[Listed entries]
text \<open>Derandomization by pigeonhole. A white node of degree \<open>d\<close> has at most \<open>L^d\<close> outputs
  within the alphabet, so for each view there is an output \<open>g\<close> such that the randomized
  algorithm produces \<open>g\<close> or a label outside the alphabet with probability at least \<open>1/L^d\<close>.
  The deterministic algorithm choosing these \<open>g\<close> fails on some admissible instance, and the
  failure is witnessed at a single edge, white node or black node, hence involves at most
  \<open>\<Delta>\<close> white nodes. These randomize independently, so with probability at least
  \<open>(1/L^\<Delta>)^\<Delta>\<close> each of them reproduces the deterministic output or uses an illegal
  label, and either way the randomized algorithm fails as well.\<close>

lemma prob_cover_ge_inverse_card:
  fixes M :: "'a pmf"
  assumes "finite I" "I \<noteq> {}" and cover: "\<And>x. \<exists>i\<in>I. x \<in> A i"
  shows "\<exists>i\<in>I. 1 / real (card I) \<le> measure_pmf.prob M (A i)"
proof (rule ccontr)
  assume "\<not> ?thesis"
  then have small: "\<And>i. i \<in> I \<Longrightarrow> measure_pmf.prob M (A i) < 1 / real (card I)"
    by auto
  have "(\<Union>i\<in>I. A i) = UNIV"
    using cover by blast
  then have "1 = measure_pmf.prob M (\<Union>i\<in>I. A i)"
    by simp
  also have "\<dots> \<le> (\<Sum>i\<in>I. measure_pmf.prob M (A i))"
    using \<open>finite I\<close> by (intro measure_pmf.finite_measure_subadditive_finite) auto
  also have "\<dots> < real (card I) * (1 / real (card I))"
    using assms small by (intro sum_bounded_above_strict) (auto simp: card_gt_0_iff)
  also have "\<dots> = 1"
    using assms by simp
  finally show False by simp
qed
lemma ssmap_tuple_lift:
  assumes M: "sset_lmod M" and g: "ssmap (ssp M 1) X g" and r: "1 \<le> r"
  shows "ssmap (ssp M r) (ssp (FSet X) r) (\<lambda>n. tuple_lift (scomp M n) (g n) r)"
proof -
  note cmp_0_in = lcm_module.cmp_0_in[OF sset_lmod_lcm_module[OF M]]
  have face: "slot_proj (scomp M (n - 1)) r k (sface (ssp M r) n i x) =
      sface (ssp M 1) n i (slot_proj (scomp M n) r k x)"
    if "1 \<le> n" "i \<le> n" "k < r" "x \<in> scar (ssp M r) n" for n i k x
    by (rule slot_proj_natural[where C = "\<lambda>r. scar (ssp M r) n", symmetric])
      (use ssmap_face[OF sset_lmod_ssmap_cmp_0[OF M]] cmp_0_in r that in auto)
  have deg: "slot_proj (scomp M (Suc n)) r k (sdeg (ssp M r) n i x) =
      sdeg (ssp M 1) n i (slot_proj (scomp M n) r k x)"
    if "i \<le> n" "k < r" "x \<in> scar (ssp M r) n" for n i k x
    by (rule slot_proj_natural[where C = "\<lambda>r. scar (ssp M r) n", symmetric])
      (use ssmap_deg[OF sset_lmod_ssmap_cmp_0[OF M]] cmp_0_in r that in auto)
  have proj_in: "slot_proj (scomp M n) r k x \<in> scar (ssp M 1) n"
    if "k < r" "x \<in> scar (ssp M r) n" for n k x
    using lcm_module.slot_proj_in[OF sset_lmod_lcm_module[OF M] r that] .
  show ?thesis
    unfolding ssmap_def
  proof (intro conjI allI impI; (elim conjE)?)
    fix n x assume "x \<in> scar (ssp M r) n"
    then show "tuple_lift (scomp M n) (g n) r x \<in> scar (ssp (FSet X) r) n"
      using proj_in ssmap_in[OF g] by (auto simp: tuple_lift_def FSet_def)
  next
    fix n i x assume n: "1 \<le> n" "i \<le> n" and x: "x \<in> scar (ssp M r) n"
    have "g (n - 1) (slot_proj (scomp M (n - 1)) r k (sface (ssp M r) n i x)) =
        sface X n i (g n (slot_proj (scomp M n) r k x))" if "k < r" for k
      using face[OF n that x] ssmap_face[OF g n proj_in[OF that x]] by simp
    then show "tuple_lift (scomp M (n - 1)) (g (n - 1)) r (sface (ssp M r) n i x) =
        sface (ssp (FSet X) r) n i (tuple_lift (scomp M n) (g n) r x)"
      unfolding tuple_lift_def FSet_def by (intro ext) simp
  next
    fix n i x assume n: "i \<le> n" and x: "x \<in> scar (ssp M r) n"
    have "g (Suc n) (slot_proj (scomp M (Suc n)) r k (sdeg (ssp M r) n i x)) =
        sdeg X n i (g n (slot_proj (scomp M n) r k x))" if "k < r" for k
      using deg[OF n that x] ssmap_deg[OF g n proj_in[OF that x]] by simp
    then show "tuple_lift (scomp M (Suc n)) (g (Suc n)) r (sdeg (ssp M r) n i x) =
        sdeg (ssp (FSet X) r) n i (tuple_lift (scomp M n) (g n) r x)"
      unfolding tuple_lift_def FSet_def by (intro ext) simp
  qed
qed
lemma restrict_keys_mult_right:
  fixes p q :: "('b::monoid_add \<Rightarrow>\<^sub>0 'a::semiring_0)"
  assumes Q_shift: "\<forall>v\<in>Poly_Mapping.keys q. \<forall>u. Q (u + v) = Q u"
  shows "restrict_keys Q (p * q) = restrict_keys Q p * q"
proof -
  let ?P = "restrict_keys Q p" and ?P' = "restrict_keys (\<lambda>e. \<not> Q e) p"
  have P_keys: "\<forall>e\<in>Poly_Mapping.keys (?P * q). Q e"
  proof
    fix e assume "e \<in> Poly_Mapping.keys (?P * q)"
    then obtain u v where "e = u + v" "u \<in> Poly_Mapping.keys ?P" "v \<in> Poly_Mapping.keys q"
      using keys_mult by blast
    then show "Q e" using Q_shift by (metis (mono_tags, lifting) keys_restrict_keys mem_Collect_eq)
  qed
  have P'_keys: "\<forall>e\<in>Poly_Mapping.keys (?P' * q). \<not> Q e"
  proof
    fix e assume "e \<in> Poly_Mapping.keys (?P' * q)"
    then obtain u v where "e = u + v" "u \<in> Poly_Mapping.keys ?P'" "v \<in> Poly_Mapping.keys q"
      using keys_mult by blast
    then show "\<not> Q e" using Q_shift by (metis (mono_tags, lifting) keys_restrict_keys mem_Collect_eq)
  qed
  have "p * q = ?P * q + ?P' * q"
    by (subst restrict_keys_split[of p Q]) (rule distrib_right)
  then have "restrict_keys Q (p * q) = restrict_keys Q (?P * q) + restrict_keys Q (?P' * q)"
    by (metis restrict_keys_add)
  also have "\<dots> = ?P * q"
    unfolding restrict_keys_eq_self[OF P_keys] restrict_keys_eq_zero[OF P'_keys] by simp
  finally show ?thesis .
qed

---

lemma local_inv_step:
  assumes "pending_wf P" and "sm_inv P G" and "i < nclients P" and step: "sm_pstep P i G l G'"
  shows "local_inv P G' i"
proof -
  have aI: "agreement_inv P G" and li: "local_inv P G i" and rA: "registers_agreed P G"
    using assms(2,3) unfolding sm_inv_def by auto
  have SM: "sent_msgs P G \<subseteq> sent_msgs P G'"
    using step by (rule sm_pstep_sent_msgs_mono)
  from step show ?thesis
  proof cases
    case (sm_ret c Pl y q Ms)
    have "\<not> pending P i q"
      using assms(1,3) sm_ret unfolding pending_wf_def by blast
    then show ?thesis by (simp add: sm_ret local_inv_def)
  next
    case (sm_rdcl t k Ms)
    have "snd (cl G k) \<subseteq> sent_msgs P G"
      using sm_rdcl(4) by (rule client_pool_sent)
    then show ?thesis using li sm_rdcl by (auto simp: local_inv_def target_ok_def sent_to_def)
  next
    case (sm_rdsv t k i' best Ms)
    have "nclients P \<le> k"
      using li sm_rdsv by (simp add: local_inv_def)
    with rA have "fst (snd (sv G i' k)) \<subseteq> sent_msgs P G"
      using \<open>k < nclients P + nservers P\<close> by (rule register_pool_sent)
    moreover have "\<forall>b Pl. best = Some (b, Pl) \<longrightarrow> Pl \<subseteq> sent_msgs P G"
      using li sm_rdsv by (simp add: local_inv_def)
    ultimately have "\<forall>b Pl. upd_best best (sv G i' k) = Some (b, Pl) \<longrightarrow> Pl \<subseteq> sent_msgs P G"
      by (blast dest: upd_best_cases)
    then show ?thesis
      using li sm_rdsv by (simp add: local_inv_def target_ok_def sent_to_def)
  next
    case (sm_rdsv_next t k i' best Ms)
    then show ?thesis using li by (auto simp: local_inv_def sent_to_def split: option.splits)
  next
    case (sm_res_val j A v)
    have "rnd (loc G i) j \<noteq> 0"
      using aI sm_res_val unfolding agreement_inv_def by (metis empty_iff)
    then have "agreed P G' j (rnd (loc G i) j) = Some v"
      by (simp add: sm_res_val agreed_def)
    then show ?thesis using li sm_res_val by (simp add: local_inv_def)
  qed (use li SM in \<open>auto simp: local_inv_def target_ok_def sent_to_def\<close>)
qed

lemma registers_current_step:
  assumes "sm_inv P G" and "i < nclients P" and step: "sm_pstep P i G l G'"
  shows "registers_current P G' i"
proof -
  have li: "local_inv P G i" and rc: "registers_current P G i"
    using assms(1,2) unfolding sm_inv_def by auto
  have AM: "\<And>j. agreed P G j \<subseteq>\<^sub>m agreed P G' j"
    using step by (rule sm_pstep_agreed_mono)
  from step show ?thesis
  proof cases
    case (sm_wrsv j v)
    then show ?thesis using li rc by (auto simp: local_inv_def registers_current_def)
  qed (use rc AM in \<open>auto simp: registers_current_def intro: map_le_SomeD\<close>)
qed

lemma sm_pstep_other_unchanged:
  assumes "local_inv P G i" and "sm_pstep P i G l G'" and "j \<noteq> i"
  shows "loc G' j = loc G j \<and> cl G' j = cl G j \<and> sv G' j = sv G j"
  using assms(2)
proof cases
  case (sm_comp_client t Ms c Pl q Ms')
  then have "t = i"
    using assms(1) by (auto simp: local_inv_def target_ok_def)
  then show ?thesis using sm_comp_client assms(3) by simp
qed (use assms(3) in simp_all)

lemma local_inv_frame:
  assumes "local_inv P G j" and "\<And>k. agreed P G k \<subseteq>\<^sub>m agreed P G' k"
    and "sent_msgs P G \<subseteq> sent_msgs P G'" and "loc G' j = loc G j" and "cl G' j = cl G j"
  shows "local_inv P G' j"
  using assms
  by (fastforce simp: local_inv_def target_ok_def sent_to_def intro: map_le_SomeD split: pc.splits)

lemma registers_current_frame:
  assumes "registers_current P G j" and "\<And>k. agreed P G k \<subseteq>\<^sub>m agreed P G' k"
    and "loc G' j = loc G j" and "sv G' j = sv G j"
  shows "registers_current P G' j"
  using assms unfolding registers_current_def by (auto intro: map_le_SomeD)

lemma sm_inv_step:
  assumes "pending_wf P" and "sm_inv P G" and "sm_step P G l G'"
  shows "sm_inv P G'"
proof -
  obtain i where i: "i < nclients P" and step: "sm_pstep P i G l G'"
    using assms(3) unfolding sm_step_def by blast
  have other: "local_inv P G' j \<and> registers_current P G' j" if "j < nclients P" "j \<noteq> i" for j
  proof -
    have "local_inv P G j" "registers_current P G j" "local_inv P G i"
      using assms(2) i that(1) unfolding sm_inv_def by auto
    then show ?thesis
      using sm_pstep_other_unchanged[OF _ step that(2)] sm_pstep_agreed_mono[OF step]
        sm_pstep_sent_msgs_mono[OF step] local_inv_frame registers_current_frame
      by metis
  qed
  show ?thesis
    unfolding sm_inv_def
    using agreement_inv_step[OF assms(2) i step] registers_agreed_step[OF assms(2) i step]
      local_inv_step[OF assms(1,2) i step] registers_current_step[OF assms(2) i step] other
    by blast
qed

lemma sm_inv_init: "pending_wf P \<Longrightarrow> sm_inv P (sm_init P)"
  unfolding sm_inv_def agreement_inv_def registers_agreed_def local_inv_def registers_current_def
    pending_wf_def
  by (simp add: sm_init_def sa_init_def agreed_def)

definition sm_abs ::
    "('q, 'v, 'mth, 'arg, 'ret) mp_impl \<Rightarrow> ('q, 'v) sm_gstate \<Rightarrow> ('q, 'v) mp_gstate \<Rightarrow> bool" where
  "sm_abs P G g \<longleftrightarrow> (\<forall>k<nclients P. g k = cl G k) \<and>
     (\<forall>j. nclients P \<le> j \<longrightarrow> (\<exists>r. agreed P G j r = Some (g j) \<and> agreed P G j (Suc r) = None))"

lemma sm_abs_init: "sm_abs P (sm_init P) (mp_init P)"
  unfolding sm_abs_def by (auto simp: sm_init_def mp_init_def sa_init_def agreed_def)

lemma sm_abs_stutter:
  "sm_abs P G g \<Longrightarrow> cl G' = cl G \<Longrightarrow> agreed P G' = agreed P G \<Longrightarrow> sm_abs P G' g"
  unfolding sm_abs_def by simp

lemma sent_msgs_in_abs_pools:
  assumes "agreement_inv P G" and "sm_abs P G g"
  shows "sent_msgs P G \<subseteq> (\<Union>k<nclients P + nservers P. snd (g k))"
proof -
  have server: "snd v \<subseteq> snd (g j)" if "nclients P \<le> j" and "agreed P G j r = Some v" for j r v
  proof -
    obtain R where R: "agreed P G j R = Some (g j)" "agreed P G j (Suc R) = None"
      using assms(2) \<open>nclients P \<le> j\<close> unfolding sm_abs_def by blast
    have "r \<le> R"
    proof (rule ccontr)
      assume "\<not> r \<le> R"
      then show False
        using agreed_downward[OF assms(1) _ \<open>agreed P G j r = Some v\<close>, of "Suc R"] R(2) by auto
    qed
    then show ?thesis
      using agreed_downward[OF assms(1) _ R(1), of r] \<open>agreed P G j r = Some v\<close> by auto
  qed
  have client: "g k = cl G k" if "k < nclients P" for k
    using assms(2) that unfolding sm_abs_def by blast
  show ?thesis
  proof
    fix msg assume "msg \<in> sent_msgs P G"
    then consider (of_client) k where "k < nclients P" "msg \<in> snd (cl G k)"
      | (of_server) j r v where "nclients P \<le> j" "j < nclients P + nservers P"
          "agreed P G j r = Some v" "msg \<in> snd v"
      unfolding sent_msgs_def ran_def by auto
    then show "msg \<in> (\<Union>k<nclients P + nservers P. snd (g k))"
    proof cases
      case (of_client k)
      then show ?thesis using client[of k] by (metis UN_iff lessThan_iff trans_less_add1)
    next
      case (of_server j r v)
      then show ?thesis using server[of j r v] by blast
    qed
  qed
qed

==

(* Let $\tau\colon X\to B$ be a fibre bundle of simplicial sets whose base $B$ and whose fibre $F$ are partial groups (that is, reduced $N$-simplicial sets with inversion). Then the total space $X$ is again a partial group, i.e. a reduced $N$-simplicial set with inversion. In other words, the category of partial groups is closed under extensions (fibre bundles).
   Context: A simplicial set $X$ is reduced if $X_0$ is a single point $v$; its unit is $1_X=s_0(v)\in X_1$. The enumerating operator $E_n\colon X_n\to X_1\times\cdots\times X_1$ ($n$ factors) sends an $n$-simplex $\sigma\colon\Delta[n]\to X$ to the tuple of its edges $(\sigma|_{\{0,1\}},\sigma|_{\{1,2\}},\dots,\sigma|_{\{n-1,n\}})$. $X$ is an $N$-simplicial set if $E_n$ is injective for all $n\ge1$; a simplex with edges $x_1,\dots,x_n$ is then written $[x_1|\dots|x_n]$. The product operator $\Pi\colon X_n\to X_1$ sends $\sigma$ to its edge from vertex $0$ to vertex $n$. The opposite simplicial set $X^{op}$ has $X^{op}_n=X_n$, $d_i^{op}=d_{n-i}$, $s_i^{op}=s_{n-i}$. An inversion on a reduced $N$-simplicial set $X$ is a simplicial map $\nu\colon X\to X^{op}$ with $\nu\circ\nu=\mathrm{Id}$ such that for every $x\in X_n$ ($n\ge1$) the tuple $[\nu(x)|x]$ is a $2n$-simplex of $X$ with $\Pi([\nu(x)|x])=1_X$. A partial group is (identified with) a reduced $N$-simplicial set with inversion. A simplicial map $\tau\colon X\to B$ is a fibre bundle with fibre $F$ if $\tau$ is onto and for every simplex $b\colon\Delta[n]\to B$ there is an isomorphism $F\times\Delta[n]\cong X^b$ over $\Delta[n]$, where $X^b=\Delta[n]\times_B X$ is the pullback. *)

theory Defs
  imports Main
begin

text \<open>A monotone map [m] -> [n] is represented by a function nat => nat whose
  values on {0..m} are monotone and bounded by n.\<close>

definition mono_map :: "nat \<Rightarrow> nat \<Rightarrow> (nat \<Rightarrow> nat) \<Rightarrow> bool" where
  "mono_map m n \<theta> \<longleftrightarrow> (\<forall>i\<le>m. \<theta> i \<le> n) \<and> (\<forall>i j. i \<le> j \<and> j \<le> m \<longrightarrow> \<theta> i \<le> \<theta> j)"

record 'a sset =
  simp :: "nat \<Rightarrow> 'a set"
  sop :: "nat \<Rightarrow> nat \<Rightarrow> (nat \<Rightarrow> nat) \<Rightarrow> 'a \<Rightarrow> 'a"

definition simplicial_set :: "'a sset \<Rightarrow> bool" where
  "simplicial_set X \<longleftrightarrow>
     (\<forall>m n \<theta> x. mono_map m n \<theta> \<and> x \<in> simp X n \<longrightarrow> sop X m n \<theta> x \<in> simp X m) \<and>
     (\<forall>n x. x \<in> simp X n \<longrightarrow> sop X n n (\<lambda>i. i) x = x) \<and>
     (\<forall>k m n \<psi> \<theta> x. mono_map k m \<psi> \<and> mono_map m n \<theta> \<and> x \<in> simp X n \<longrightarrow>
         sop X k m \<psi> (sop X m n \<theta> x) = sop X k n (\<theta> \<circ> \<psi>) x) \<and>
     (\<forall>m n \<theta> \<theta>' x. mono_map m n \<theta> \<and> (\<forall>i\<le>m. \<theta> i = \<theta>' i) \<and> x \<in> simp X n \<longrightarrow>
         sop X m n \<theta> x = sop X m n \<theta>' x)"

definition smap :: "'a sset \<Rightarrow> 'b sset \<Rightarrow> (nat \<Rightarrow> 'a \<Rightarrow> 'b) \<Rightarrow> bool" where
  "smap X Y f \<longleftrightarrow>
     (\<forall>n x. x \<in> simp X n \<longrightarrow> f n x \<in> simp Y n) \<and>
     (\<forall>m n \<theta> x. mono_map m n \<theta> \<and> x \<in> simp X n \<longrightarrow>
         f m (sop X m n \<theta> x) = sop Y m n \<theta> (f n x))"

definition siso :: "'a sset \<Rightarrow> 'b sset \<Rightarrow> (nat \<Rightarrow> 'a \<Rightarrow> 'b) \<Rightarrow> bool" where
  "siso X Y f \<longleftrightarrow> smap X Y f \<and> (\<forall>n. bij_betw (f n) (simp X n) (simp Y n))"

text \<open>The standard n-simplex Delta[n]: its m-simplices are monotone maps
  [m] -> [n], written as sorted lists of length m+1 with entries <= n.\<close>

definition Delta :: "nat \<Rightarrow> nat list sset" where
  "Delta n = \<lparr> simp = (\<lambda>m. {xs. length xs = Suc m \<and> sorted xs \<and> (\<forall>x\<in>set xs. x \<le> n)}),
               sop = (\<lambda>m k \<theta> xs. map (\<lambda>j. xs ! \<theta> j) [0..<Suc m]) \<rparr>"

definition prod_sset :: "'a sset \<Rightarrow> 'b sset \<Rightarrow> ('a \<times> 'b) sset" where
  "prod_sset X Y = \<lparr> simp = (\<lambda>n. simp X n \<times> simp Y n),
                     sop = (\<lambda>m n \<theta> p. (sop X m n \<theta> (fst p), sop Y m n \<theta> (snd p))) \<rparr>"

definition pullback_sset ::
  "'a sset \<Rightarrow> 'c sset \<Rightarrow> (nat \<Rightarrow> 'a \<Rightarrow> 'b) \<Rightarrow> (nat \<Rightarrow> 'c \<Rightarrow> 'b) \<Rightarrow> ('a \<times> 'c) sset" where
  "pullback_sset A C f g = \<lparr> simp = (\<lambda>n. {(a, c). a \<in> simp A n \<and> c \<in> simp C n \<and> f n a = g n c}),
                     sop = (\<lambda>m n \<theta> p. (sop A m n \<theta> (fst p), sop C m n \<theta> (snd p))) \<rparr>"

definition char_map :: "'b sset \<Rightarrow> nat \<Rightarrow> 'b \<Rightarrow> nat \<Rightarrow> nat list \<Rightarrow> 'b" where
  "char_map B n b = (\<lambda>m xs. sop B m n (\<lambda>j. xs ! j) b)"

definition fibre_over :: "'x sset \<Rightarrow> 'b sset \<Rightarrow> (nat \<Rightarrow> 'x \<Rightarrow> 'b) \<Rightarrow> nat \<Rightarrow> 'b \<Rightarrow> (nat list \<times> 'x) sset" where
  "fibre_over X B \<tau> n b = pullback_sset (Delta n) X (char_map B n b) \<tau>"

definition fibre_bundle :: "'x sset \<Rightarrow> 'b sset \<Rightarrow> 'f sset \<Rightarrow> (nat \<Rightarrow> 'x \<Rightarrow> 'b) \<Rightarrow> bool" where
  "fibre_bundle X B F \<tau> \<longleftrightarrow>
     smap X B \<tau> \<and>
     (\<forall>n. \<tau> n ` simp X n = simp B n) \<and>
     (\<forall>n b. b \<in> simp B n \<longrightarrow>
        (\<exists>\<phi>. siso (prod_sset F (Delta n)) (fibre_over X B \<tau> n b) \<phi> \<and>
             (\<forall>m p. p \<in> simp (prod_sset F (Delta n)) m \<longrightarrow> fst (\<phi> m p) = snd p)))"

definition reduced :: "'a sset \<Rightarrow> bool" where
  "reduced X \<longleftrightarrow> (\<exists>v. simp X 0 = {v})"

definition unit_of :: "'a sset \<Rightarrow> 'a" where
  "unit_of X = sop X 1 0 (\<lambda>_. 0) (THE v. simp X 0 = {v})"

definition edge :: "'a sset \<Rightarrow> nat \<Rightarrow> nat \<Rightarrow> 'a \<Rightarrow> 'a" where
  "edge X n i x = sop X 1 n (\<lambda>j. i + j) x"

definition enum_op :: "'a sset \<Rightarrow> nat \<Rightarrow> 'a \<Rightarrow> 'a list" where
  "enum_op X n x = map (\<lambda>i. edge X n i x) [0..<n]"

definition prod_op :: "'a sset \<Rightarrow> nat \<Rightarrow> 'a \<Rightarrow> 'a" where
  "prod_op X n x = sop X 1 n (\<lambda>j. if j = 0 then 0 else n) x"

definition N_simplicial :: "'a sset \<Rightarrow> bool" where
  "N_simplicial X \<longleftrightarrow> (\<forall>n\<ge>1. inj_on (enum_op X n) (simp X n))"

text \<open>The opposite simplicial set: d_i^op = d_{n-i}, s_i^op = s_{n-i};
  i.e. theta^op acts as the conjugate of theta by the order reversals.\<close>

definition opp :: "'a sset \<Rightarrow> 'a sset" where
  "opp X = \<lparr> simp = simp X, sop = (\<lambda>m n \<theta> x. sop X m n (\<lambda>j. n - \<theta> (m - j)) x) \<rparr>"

[Assignment] Determine how many lines in the listing above hold "lifting". Give the number without any other words.

[Response to the exercise] 2